Reproduce the data in its entirety, exactly as supplied.

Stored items
======
lemma open_tree_cost_le:
  assumes "open_tree P d p0 MD s w mk x = (w', mk', c)"
  shows "c \<le> card (path_nodes s mk x)
    + (1 + sample_update_cost (card P)) * (\<Sum>v\<in>path_nodes s mk x. card (subtree_pts P d p0 MD s v))"
proof -
  let ?slen = "sample_update_cost (card P)"
  define Q where "Q = subtree_pts P d p0 MD s
    (tnode d p0 MD s (theight P d p0 MD s - path_len P d p0 MD s mk x) x)"
  define upd where "upd y \<longleftrightarrow> (tree_dist P d p0 MD s y x)^2 < w y" for y
  have c: "c = card (path_nodes s mk x) + (\<Sum>y\<in>Q. 1 + (if upd y then ?slen else 0))"
    using assms by (simp add: open_tree_def Let_def Q_def upd_def card_path_nodes)
  have "(\<Sum>y\<in>Q. 1 + (if upd y then ?slen else 0)) \<le> card Q * (1 + ?slen)"
    using sum_bounded_above[of Q "\<lambda>y. 1 + (if upd y then ?slen else 0)" "1 + ?slen"] by simp
  also have "\<dots> \<le> (\<Sum>v\<in>path_nodes s mk x. card (subtree_pts P d p0 MD s v)) * (1 + ?slen)"
    unfolding Q_def by (intro mult_right_mono member_le_sum) (auto simp: path_nodes_def)
  finally show ?thesis using c by (simp add: mult.commute)
qed

lemma open_tree_potential_increase:
  assumes "finite mk" "tnode d p0 MD s (theight P d p0 MD s) x \<notin> mk"
    and "open_tree P d p0 MD s w mk x = (w', mk', c)"
  shows "c + potential s mk \<le> potential s mk'"
proof -
  have "finite (path_nodes s mk x)" by (simp add: path_nodes_def)
  then have "potential s mk' = potential s mk + card (path_nodes s mk x)
      + (1 + sample_update_cost (card P))
        * (\<Sum>v\<in>path_nodes s mk x. card (subtree_pts P d p0 MD s v))"
    using assms path_nodes_unmarked[OF assms(2)]
    by (simp add: open_tree_marks[OF assms(3)] potential_def card_Un_disjoint sum.union_disjoint
        Int_commute distrib_left)
  then show ?thesis using open_tree_cost_le[OF assms(3)] by linarith
qed

lemma open_tree_admissible:
  assumes sep: "separating_height P d p0 MD s (theight P d p0 MD s)"
    and "x \<in> P" "Z \<subseteq> P" "x \<notin> Z" "admissible_marks s mk (insert x Z)"
    and "open_tree P d p0 MD s w mk x = (w', mk', c)"
  shows "admissible_marks s mk' Z"
proof -
  have "tnode d p0 MD s (theight P d p0 MD s) z \<notin> path_nodes s mk x" if "z \<in> Z" for z
  proof
    assume "tnode d p0 MD s (theight P d p0 MD s) z \<in> path_nodes s mk x"
    then have "cell d p0 MD s (theight P d p0 MD s) z = cell d p0 MD s (theight P d p0 MD s) x"
      by (auto simp: path_nodes_def tnode_def)
    moreover have "z \<in> P" "z \<noteq> x" using that assms(3,4) by auto
    ultimately show False using sep \<open>x \<in> P\<close> by (auto simp: separating_height_def)
  qed
  then show ?thesis
    using assms(5) path_nodes_subset_tree_nodes[OF assms(2)]
    by (auto simp: admissible_marks_def open_tree_marks[OF assms(6)])
qed

lemma potential_mono: "mk \<subseteq> mk' \<Longrightarrow> finite mk' \<Longrightarrow> potential s mk \<le> potential s mk'"
  by (auto simp: potential_def intro!: add_mono card_mono mult_le_mono2 sum_mono2)

context
  assumes finite_P: "finite P"
begin

lemma finite_tree_nodes: "finite (tree_nodes s)"
  using finite_P by (simp add: tree_nodes_def)

lemma multi_open_potential:
  assumes sep: "\<forall>t<3. separating_height P d p0 MD (sh t) (theight P d p0 MD (sh t))"
    and "x \<in> P" "Z \<subseteq> P" "x \<notin> Z"
    and adm: "\<forall>t<3. admissible_marks (sh t) (snd st t) (insert x Z)"
    and mo: "multi_open P d p0 MD sh st x = (st', c)"
  shows "c + (\<Sum>t<3. potential (sh t) (snd st t)) \<le> (\<Sum>t<3. potential (sh t) (snd st' t))"
    and "\<forall>t<3. admissible_marks (sh t) (snd st' t) Z"
proof -
  obtain w mk where st: "st = (w, mk)" by fastforce
  have step: "c' + potential (sh t) (mk t) \<le> potential (sh t) m' \<and> admissible_marks (sh t) m' Z"
    if "t < 3" "open_tree P d p0 MD (sh t) w' (mk t) x = (w'', m', c')" for t w' w'' m' c'
  proof
    have adm_t: "admissible_marks (sh t) (mk t) (insert x Z)" using adm that(1) st by simp
    then have "finite (mk t)"
      using finite_tree_nodes by (auto simp: admissible_marks_def intro: finite_subset)
    with adm_t show "c' + potential (sh t) (mk t) \<le> potential (sh t) m'"
      using open_tree_potential_increase[OF _ _ that(2)] by (simp add: admissible_marks_def)
    show "admissible_marks (sh t) m' Z"
      using open_tree_admissible[OF _ assms(2-4) adm_t that(2)] sep that(1) by blast
  qed
  obtain w1 m1 c1 where o1: "open_tree P d p0 MD (sh 0) w (mk 0) x = (w1, m1, c1)"
    by (metis prod_cases3)
  obtain w2 m2 c2 where o2: "open_tree P d p0 MD (sh 1) w1 (mk 1) x = (w2, m2, c2)"
    by (metis prod_cases3)
  obtain w3 m3 c3 where o3: "open_tree P d p0 MD (sh 2) w2 (mk 2) x = (w3, m3, c3)"
    by (metis prod_cases3)
  have st': "snd st' = mk(0 := m1, 1 := m2, 2 := m3)" and c: "c = c1 + c2 + c3"
    using mo o1 o2 o3 by (auto simp: multi_open_def st)
  have three: "(\<Sum>t<3. f t) = f 0 + f 1 + f (2::nat)" for f :: "nat \<Rightarrow> nat"
    by (simp add: numeral_3_eq_3 numeral_2_eq_2)
  have "t < 3 \<longleftrightarrow> t = 0 \<or> t = 1 \<or> t = 2" for t :: nat by auto
  with step[OF _ o1] step[OF _ o2] step[OF _ o3]
  show "c + (\<Sum>t<3. potential (sh t) (snd st t)) \<le> (\<Sum>t<3. potential (sh t) (snd st' t))"
    and "\<forall>t<3. admissible_marks (sh t) (snd st' t) Z"
    by (simp_all add: three st st' c)
qed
======
§ RESPONSE AREA:
lemma open_tree_cost_le:
  assumes "open_tree P d p0 MD s w mk x = (w', mk', c)"
  shows "c \<le> card (path_nodes s mk x)
    + (1 + sample_update_cost (card P)) * (\<Sum>v\<in>path_nodes s mk x. card (subtree_pts P d p0 MD s v))"
proof -
  let ?slen = "sample_update_cost (card P)"
  define Q where "Q = subtree_pts P d p0 MD s
    (tnode d p0 MD s (theight P d p0 MD s - path_len P d p0 MD s mk x) x)"
  define upd where "upd y \<longleftrightarrow> (tree_dist P d p0 MD s y x)^2 < w y" for y
  have c: "c = card (path_nodes s mk x) + (\<Sum>y\<in>Q. 1 + (if upd y then ?slen else 0))"
    using assms by (simp add: open_tree_def Let_def Q_def upd_def card_path_nodes)
  have "(\<Sum>y\<in>Q. 1 + (if upd y then ?slen else 0)) \<le> card Q * (1 + ?slen)"
    using sum_bounded_above[of Q "\<lambda>y. 1 + (if upd y then ?slen else 0)" "1 + ?slen"] by simp
  also have "\<dots> \<le> (\<Sum>v\<in>path_nodes s mk x. card (subtree_pts P d p0 MD s v)) * (1 + ?slen)"
    unfolding Q_def by (intro mult_right_mono member_le_sum) (auto simp: path_nodes_def)
  finally show ?thesis using c by (simp add: mult.commute)
qed

lemma open_tree_potential_increase:
  assumes "finite mk" "tnode d p0 MD s (theight P d p0 MD s) x \<notin> mk"
    and "open_tree P d p0 MD s w mk x = (w', mk', c)"
  shows "c + potential s mk \<le> potential s mk'"
proof -
  have "finite (path_nodes s mk x)" by (simp add: path_nodes_def)
  then have "potential s mk' = potential s mk + card (path_nodes s mk x)
      + (1 + sample_update_cost (card P))
        * (\<Sum>v\<in>path_nodes s mk x. card (subtree_pts P d p0 MD s v))"
    using assms path_nodes_unmarked[OF assms(2)]
    by (simp add: open_tree_marks[OF assms(3)] potential_def card_Un_disjoint sum.union_disjoint
        Int_commute distrib_left)
  then show ?thesis using open_tree_cost_le[OF assms(3)] by linarith
qed

lemma open_tree_admissible:
  assumes sep: "separating_height P d p0 MD s (theight P d p0 MD s)"
    and "x \<in> P" "Z \<subseteq> P" "x \<notin> Z" "admissible_marks s mk (insert x Z)"
    and "open_tree P d p0 MD s w mk x = (w', mk', c)"
  shows "admissible_marks s mk' Z"
proof -
  have "tnode d p0 MD s (theight P d p0 MD s) z \<notin> path_nodes s mk x" if "z \<in> Z" for z
  proof
    assume "tnode d p0 MD s (theight P d p0 MD s) z \<in> path_nodes s mk x"
    then have "cell d p0 MD s (theight P d p0 MD s) z = cell d p0 MD s (theight P d p0 MD s) x"
      by (auto simp: path_nodes_def tnode_def)
    moreover have "z \<in> P" "z \<noteq> x" using that assms(3,4) by auto
    ultimately show False using sep \<open>x \<in> P\<close> by (auto simp: separating_height_def)
  qed
  then show ?thesis
    using assms(5) path_nodes_subset_tree_nodes[OF assms(2)]
    by (auto simp: admissible_marks_def open_tree_marks[OF assms(6)])
qed

lemma potential_mono: "mk \<subseteq> mk' \<Longrightarrow> finite mk' \<Longrightarrow> potential s mk \<le> potential s mk'"
  by (auto simp: potential_def intro!: add_mono card_mono mult_le_mono2 sum_mono2)

context
  assumes finite_P: "finite P"
begin

lemma finite_tree_nodes: "finite (tree_nodes s)"
  using finite_P by (simp add: tree_nodes_def)

lemma multi_open_potential:
  assumes sep: "\<forall>t<3. separating_height P d p0 MD (sh t) (theight P d p0 MD (sh t))"
    and "x \<in> P" "Z \<subseteq> P" "x \<notin> Z"
    and adm: "\<forall>t<3. admissible_marks (sh t) (snd st t) (insert x Z)"
    and mo: "multi_open P d p0 MD sh st x = (st', c)"
  shows "c + (\<Sum>t<3. potential (sh t) (snd st t)) \<le> (\<Sum>t<3. potential (sh t) (snd st' t))"
    and "\<forall>t<3. admissible_marks (sh t) (snd st' t) Z"
proof -
  obtain w mk where st: "st = (w, mk)" by fastforce
  have step: "c' + potential (sh t) (mk t) \<le> potential (sh t) m' \<and> admissible_marks (sh t) m' Z"
    if "t < 3" "open_tree P d p0 MD (sh t) w' (mk t) x = (w'', m', c')" for t w' w'' m' c'
  proof
    have adm_t: "admissible_marks (sh t) (mk t) (insert x Z)" using adm that(1) st by simp
    then have "finite (mk t)"
      using finite_tree_nodes by (auto simp: admissible_marks_def intro: finite_subset)
    with adm_t show "c' + potential (sh t) (mk t) \<le> potential (sh t) m'"
      using open_tree_potential_increase[OF _ _ that(2)] by (simp add: admissible_marks_def)
    show "admissible_marks (sh t) m' Z"
      using open_tree_admissible[OF _ assms(2-4) adm_t that(2)] sep that(1) by blast
  qed
  obtain w1 m1 c1 where o1: "open_tree P d p0 MD (sh 0) w (mk 0) x = (w1, m1, c1)"
    by (metis prod_cases3)
  obtain w2 m2 c2 where o2: "open_tree P d p0 MD (sh 1) w1 (mk 1) x = (w2, m2, c2)"
    by (metis prod_cases3)
  obtain w3 m3 c3 where o3: "open_tree P d p0 MD (sh 2) w2 (mk 2) x = (w3, m3, c3)"
    by (metis prod_cases3)
  have st': "snd st' = mk(0 := m1, 1 := m2, 2 := m3)" and c: "c = c1 + c2 + c3"
    using mo o1 o2 o3 by (auto simp: multi_open_def st)
  have three: "(\<Sum>t<3. f t) = f 0 + f 1 + f (2::nat)" for f :: "nat \<Rightarrow> nat"
    by (simp add: numeral_3_eq_3 numeral_2_eq_2)
  have "t < 3 \<longleftrightarrow> t = 0 \<or> t = 1 \<or> t = 2" for t :: nat by auto
  with step[OF _ o1] step[OF _ o2] step[OF _ o3]
  show "c + (\<Sum>t<3. potential (sh t) (snd st t)) \<le> (\<Sum>t<3. potential (sh t) (snd st' t))"
    and "\<forall>t<3. admissible_marks (sh t) (snd st' t) Z"
    by (simp_all add: three st st' c)
qed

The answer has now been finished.